* AIM OF THE EXERCISE
Start at the line below containing "proof (rule order_tendstoI)" and stop at the line containing "using potential_X_le by blast". Repeat every line of that stretch exactly, and nothing outside it.

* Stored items
·····

lemma gap_sq_le_window_gain:
  assumes window: "\<And>i. i < m \<Longrightarrow> \<exists>l<L. \<omega> (t + l) = i"
  shows "\<alpha> * (potential sstar - potential (X t))\<^sup>2
    \<le> (m * perturb_const)\<^sup>2 * L * total_demand
      * (potential (X (t + L)) - potential (X t))"
proof -
  define A where "A = m * perturb_const"
  define S where "S = (\<Sum>l<L. jump (t + l))"
  have "(potential sstar - potential (X t))\<^sup>2 \<le> (A * S)\<^sup>2"
    using gap_le_window_jumps[OF window] potential_X_le[of t]
    by (intro power_mono) (auto simp: A_def S_def)
  then have gap: "\<alpha> * (potential sstar - potential (X t))\<^sup>2 \<le> A\<^sup>2 * (\<alpha> * S\<^sup>2)"
    using step_size by (simp add: power_mult_distrib mult_ac)
  have "S\<^sup>2 \<le> L * (\<Sum>l<L. (jump (t + l))\<^sup>2)"
    using sum_squared_le_sum_of_squares[of "\<lambda>l. jump (t + l)" "{..<L}"]
    by (simp add: S_def mult_ac)
  then have "\<alpha> * S\<^sup>2 \<le> \<alpha> * (L * (\<Sum>l<L. (jump (t + l))\<^sup>2))"
    using step_size by (intro mult_left_mono) auto
  then have "\<alpha> * S\<^sup>2 \<le> L * (\<Sum>l<L. \<alpha> * (jump (t + l))\<^sup>2)"
    by (simp add: sum_distrib_left mult_ac)
  also have "(\<Sum>l<L. \<alpha> * (jump (t + l))\<^sup>2)
      \<le> (\<Sum>l<L. total_demand * (potential (X (Suc (t + l))) - potential (X (t + l))))"
    by (intro sum_mono jump_sq_le)
  also have "\<dots> = total_demand * (potential (X (t + L)) - potential (X t))"
    using sum_lessThan_telescope[of "\<lambda>l. potential (X (t + l))" L]
    by (simp add: sum_distrib_left[symmetric])
  finally have "\<alpha> * S\<^sup>2 \<le> L * (total_demand * (potential (X (t + L)) - potential (X t)))"
    by (simp add: mult_left_mono)
  then show ?thesis
    using gap mult_left_mono[OF _ zero_le_power2[of A]] by (fastforce simp: A_def mult_ac)
qed

lemma gap_tendsto_zero:
  assumes windows: "\<And>T. \<exists>t\<ge>T. \<forall>i<m. \<exists>l<L. \<omega> (t + l) = i"
  shows "(\<lambda>t. potential sstar - potential (X t)) \<longlonglongrightarrow> 0"
proof (rule order_tendstoI)
  fix a :: real assume "a < 0"
  then have "a < potential sstar - potential (X t)" for t
    using potential_X_le[of t] by linarith
  then show "\<forall>\<^sub>F t in sequentially. a < potential sstar - potential (X t)"
    by (intro always_eventually allI)
next
  fix e :: real assume e: "0 < e"
  define K where "K = (m * perturb_const)\<^sup>2 * L * total_demand"
  have "\<forall>t. potential (X t) \<le> potential sstar"
    using potential_X_le by blast
  then obtain P where "(\<lambda>t. potential (X t)) \<longlonglongrightarrow> P"
    using incseq_convergent[OF incseq_potential_X] by blast
  then have "(\<lambda>t. potential (X (t + L)) - potential (X t)) \<longlonglongrightarrow> P - P"
    by (intro tendsto_diff LIMSEQ_ignore_initial_segment)
  then have "(\<lambda>t. K * (potential (X (t + L)) - potential (X t))) \<longlonglongrightarrow> 0"
    by (intro tendsto_mult_right_zero) simp
  then have "\<forall>\<^sub>F t in sequentially. K * (potential (X (t + L)) - potential (X t)) < \<alpha> * e\<^sup>2"
    by (rule order_tendstoD(2)) (use e step_size in simp)
  then obtain T where T: "\<And>t. t \<ge> T \<Longrightarrow> K * (potential (X (t + L)) - potential (X t)) < \<alpha> * e\<^sup>2"
    by (auto simp: eventually_sequentially)
  obtain t where t: "t \<ge> T" "\<forall>i<m. \<exists>l<L. \<omega> (t + l) = i"
    using windows by blast
  have "\<alpha> * (potential sstar - potential (X t))\<^sup>2 < \<alpha> * e\<^sup>2"
    using gap_sq_le_window_gain[of L t] t T[OF t(1)] by (simp add: K_def)
  then have "(potential sstar - potential (X t))\<^sup>2 < e\<^sup>2"
    using step_size by simp
  then have "potential sstar - potential (X t) < e"
    by (rule power_less_imp_less_base) (use e in linarith)
  then have "potential sstar - potential (X t') < e" if "t' \<ge> t" for t'
    using incseq_potential_X that by (auto simp: incseq_def intro: le_less_trans[rotated])
  then show "\<forall>\<^sub>F t in sequentially. potential sstar - potential (X t) < e"
    by (auto simp: eventually_sequentially)
qed

lemma X_tendsto_NE:
  assumes windows: "\<And>T. \<exists>t\<ge>T. \<forall>i<m. \<exists>l<L. \<omega> (t + l) = i"
    and i: "i < m" and j: "j < n"
  shows "(\<lambda>t. X t i j) \<longlonglongrightarrow> sstar i j"
proof -
  have bound: "\<bar>X t i j - sstar i j\<bar> \<le> sqrt (2 * d j * (potential sstar - potential (X t)))" for t
  proof -
    have "(X t i j - sstar i j)\<^sup>2 / (2 * d j) \<le> potential sstar - potential (X t)"
      using quad_ge_entry[OF i j, of "\<lambda>i j. X t i j - sstar i j"]
        potential_le_NE[OF NE X_in_profiles, of t] by simp
    then have "\<bar>X t i j - sstar i j\<bar>\<^sup>2 \<le> 2 * d j * (potential sstar - potential (X t))"
      using demand_pos[OF j] by (simp add: pos_divide_le_eq mult_ac)
    then show ?thesis
      by (rule real_le_rsqrt)
  qed
  then have "\<forall>\<^sub>F t in sequentially.
      norm (X t i j - sstar i j) \<le> sqrt (2 * d j * (potential sstar - potential (X t)))"
    by (intro always_eventually allI) (simp only: real_norm_def)
  moreover have "(\<lambda>t. sqrt (2 * d j * (potential sstar - potential (X t)))) \<longlonglongrightarrow> 0"
    using tendsto_real_sqrt[OF tendsto_mult_right_zero[OF gap_tendsto_zero[OF windows]]] by simp
  ultimately have "(\<lambda>t. X t i j - sstar i j) \<longlonglongrightarrow> 0"
    by (rule Lim_null_comparison)
  then show ?thesis
    by (rule LIM_zero_cancel)
qed

end

lemma AE_PiM_pmf_in_support:
  fixes \<pi> :: "nat \<Rightarrow> 'a pmf"
  shows "AE \<omega> in PiM UNIV (\<lambda>t. measure_pmf (\<pi> t)). \<forall>t. \<omega> t \<in> set_pmf (\<pi> t)"
  unfolding AE_all_countable
proof
  fix t
  show "AE \<omega> in PiM UNIV (\<lambda>t. measure_pmf (\<pi> t)). \<omega> t \<in> set_pmf (\<pi> t)"
    by (rule AE_PiM_component) (auto simp: prob_space_measure_pmf AE_measure_pmf)
qed

lemma (in prob_space) AE_infinitely_often_indep_events:
  fixes F :: "nat \<Rightarrow> 'a set"
  assumes indep: "indep_events F UNIV" and p: "0 < p" "\<And>k. p \<le> prob (F k)"
  shows "AE x in M. \<forall>T. \<exists>k\<ge>T. x \<in> F k"
proof -
  have F: "F k \<in> events" for k
    using indep unfolding indep_events_def by blast
  let ?U = "\<lambda>T. \<Union>k\<in>{T..}. F k"
  have "(\<lambda>T. prob (?U T)) \<longlonglongrightarrow> prob (\<Inter>T. ?U T)"
    using F by (intro finite_Lim_measure_decseq decseq_SucI) (auto intro: Suc_leD)
  moreover have "p \<le> prob (?U T)" for T
    using p(2)[of T] finite_measure_mono[of "F T" "?U T"] F by force
  ultimately have "p \<le> prob (\<Inter>T. ?U T)"
    by (intro LIMSEQ_le_const) auto
  then have "prob (\<Inter>T. ?U T) = 1"
    using borel_0_1_law[OF indep] p(1) by auto
  then have "AE x in M. x \<in> (\<Inter>T. ?U T)"
    by (rule AE_prob_1)
  then show ?thesis
    by (auto elim!: eventually_mono)
qed

lemma PiM_pmf_measure_cylinder:
  fixes \<pi> :: "nat \<Rightarrow> 'a pmf"
  assumes "finite J"
  shows "measure (PiM UNIV (\<lambda>t. measure_pmf (\<pi> t)))
      {\<omega> \<in> space (PiM UNIV (\<lambda>t. measure_pmf (\<pi> t))). \<forall>t\<in>J. \<omega> t = v t}
    = (\<Prod>t\<in>J. pmf (\<pi> t) (v t))"
proof -
  interpret product_prob_space "\<lambda>t. measure_pmf (\<pi> t)" UNIV
    by unfold_locales
  have "emeasure (PiM UNIV (\<lambda>t. measure_pmf (\<pi> t)))
      {\<omega> \<in> space (PiM UNIV (\<lambda>t. measure_pmf (\<pi> t))). \<forall>t\<in>J. \<omega> t \<in> {v t}}
    = (\<Prod>t\<in>J. emeasure (measure_pmf (\<pi> t)) {v t})"
    using assms by (intro emeasure_PiM_Collect) auto
  also have "\<dots> = ennreal (\<Prod>t\<in>J. pmf (\<pi> t) (v t))"
    by (simp add: emeasure_pmf_single prod_ennreal)
  finally show ?thesis
    by (simp add: emeasure_eq_measure prod_nonneg)
qed

lemma PiM_pmf_indep_cylinders:
  fixes \<pi> :: "nat \<Rightarrow> 'a pmf" and B :: "nat \<Rightarrow> nat set"
  assumes B: "\<And>b. finite (B b)" "disjoint_family B"
  shows "prob_space.indep_events (PiM UNIV (\<lambda>t. measure_pmf (\<pi> t)))
    (\<lambda>b. {\<omega> \<in> space (PiM UNIV (\<lambda>t. measure_pmf (\<pi> t))). \<forall>t\<in>B b. \<omega> t = v t}) UNIV"
proof -
  interpret product_prob_space "\<lambda>t. measure_pmf (\<pi> t)" UNIV
    by unfold_locales
  let ?P = "PiM UNIV (\<lambda>t. measure_pmf (\<pi> t))"
  let ?F = "\<lambda>b. {\<omega> \<in> space ?P. \<forall>t\<in>B b. \<omega> t = v t}"
  have "?F b \<in> events" for b
  proof -
    have "?F b = prod_emb UNIV (\<lambda>t. measure_pmf (\<pi> t)) (B b) (\<Pi>\<^sub>E t\<in>B b. {v t})"
      unfolding prod_emb_def by (auto simp: PiE_iff space_PiM)
    then show ?thesis
      using B(1) by (auto intro: sets_PiM_I)
  qed
  then show ?thesis
  proof (intro indep_eventsI)
    fix K :: "nat set" assume K: "finite K" "K \<noteq> {}"
    have "prob (\<Inter>b\<in>K. ?F b) = prob {\<omega> \<in> space ?P. \<forall>t\<in>(\<Union>b\<in>K. B b). \<omega> t = v t}"
      using K(2) by (intro arg_cong[where f = prob]) auto
    also have "\<dots> = (\<Prod>t\<in>(\<Union>b\<in>K. B b). pmf (\<pi> t) (v t))"
      using K(1) B(1) by (intro PiM_pmf_measure_cylinder) auto
    also have "\<dots> = (\<Prod>b\<in>K. \<Prod>t\<in>B b. pmf (\<pi> t) (v t))"
      using K(1) B by (intro prod.UNION_disjoint) (auto simp: disjoint_family_on_def)
    finally show "prob (\<Inter>b\<in>K. ?F b) = (\<Prod>b\<in>K. prob (?F b))"
      using B(1) by (simp add: PiM_pmf_measure_cylinder)
  qed auto
qed

(* The events that the block [b k, b k + k) spells the word are independent, each of
   probability at least p ^ k. *)
lemma AE_PiM_pmf_pattern_infinitely_often:
  fixes \<pi> :: "nat \<Rightarrow> 'a pmf" and w :: "nat \<Rightarrow> 'a"
  assumes p: "0 < p" "\<And>t l. l < k \<Longrightarrow> p \<le> pmf (\<pi> t) (w l)"
  shows "AE \<omega> in PiM UNIV (\<lambda>t. measure_pmf (\<pi> t)). \<forall>T. \<exists>t\<ge>T. \<forall>l<k. \<omega> (t + l) = w l"
proof (cases "k = 0")
  case True
  then show ?thesis by auto
next
  case False
  interpret product_prob_space "\<lambda>t. measure_pmf (\<pi> t)" UNIV
    by unfold_locales
  let ?P = "PiM UNIV (\<lambda>t. measure_pmf (\<pi> t))"
  define B where "B b = {b * k ..< b * k + k}" for b
  define F where "F b = {\<omega> \<in> space ?P. \<forall>t\<in>B b. \<omega> t = w (t mod k)}" for b
  have "disjoint_family B"
  proof -
    have "t div k = b" if "t \<in> B b" for t b
      using that unfolding B_def by (intro div_nat_eqI) (auto simp: algebra_simps)
    then show ?thesis
      unfolding disjoint_family_on_def by blast
  qed
  then have "indep_events F UNIV"
    unfolding F_def by (intro PiM_pmf_indep_cylinders) (simp add: B_def)
  moreover have "p ^ k \<le> prob (F b)" for b
  proof -
    have "(\<Prod>t\<in>B b. p) \<le> (\<Prod>t\<in>B b. pmf (\<pi> t) (w (t mod k)))"
      using p False by (intro prod_mono) auto
    then show ?thesis
      by (simp add: F_def B_def PiM_pmf_measure_cylinder)
  qed
  ultimately have "AE \<omega> in ?P. \<forall>T. \<exists>b\<ge>T. \<omega> \<in> F b"
    using p(1) by (intro AE_infinitely_often_indep_events[where p = "p ^ k"]) auto
  then show ?thesis
  proof (rule eventually_mono, intro allI)
    fix \<omega> T assume "\<forall>T. \<exists>b\<ge>T. \<omega> \<in> F b"
    then obtain b where b: "b \<ge> T" "\<omega> \<in> F b"
      by blast
    have "b \<le> b * k"
      using False by (cases k) simp_all
    then have "T \<le> b * k"
      using b(1) by linarith
    moreover have "\<forall>l<k. \<omega> (b * k + l) = w l"
      using b(2) by (auto simp: F_def B_def)
    ultimately show "\<exists>t\<ge>T. \<forall>l<k. \<omega> (t + l) = w l"
      by blast
  qed
qed

theorem theorem4p4:
  fixes m n :: nat and c d :: "nat \<Rightarrow> real" and rmax rmin \<alpha> pmin :: real
    and \<pi> :: "nat \<Rightarrow> nat pmf"
    and sel :: "nat \<Rightarrow> (nat \<Rightarrow> nat \<Rightarrow> real) \<Rightarrow> nat \<Rightarrow> nat \<Rightarrow> real"
    and s1 sstar :: "nat \<Rightarrow> nat \<Rightarrow> real"
  assumes G: "lending_game m n c d rmax rmin"
    and alpha: "0 < \<alpha>" "\<alpha> \<le> 1"
    and s1: "s1 \<in> profiles m n c"
    and pi_support: "\<And>t. set_pmf (\<pi> t) \<subseteq> {..<m}"
    and pmin: "0 < pmin" "\<And>t i. i < m \<Longrightarrow> pmin \<le> pmf (\<pi> t) i"
    and sel: "\<And>t s i. s \<in> profiles m n c \<Longrightarrow> i < m \<Longrightarrow>
                 sel t s i \<in> best_responses m n c d rmax rmin i s"
    and NE: "is_pure_NE m n c d rmax rmin sstar"
  shows "AE \<omega> in (PiM UNIV (\<lambda>t. measure_pmf (\<pi> t))).
           (\<forall>i<m. \<forall>j<n. (\<lambda>t. br_dynamics \<alpha> sel s1 \<omega> t i j) \<longlonglongrightarrow> sstar i j)"
proof -
  have "AE \<omega> in PiM UNIV (\<lambda>t. measure_pmf (\<pi> t)). \<forall>t. \<omega> t \<in> set_pmf (\<pi> t)"
    by (rule AE_PiM_pmf_in_support)
  moreover have "AE \<omega> in PiM UNIV (\<lambda>t. measure_pmf (\<pi> t)). \<forall>T. \<exists>t\<ge>T. \<forall>l<m. \<omega> (t + l) = l"
    using pmin by (intro AE_PiM_pmf_pattern_infinitely_often[where w = "\<lambda>l. l"])
  ultimately show ?thesis
  proof eventually_elim
    case (elim \<omega>)
    have "\<omega> t < m" for t
      using elim(1) pi_support by blast
    then interpret br_trajectory m n c d rmax rmin \<alpha> sel s1 sstar \<omega>
      using G alpha s1 sel NE by unfold_locales auto
    have "\<exists>t\<ge>T. \<forall>i<m. \<exists>l<m. \<omega> (t + l) = i" for T
      using elim(2) by blast
    then show ?case
      using X_tendsto_NE by blast
  qed
qed

end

·····

* RESULT OF THIS EXERCISE
proof (rule order_tendstoI)
  fix a :: real assume "a < 0"
  then have "a < potential sstar - potential (X t)" for t
    using potential_X_le[of t] by linarith
  then show "\<forall>\<^sub>F t in sequentially. a < potential sstar - potential (X t)"
    by (intro always_eventually allI)
next
  fix e :: real assume e: "0 < e"
  define K where "K = (m * perturb_const)\<^sup>2 * L * total_demand"
  have "\<forall>t. potential (X t) \<le> potential sstar"
    using potential_X_le by blast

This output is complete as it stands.